ACTION ITEM |
Going line by line through the records below, count those containing the word "moreover", then give only the count.

DATA SUPPLIED |

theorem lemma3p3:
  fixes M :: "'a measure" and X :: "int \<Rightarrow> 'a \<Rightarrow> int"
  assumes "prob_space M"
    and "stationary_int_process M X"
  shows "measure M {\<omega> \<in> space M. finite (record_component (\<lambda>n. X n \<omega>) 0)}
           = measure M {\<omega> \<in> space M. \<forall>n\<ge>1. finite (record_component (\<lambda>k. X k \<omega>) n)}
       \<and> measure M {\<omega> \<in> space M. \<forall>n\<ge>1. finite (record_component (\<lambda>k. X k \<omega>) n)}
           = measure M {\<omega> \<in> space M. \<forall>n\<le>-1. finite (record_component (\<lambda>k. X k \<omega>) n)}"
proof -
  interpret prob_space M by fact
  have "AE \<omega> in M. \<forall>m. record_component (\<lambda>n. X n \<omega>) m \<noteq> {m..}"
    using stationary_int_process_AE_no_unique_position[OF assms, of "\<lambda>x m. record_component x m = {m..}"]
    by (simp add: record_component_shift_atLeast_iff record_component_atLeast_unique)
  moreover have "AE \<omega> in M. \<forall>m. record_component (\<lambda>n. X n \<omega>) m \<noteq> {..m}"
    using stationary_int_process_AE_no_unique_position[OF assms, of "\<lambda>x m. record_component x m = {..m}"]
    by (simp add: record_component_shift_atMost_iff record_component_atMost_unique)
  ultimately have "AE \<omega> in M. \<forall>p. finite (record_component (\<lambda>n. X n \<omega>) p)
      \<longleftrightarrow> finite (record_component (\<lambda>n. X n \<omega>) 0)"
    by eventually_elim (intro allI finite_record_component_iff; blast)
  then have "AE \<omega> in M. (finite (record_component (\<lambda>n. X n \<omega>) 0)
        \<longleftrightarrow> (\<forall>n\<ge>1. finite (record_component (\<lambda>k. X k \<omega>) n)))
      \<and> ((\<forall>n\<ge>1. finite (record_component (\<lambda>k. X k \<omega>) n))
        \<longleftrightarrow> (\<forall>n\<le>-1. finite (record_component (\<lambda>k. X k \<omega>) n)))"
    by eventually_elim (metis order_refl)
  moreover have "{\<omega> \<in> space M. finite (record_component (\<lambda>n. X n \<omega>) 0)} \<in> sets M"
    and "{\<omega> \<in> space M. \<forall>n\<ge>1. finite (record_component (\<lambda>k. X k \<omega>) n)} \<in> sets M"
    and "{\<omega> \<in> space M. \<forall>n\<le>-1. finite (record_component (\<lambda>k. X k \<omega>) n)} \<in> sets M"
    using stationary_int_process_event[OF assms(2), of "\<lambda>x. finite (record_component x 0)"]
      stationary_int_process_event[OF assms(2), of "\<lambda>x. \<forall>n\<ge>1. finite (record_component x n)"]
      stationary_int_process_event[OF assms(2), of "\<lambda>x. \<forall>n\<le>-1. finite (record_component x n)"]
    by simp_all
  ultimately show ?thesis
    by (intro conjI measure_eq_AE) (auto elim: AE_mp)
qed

YOUR SOLUTION |
2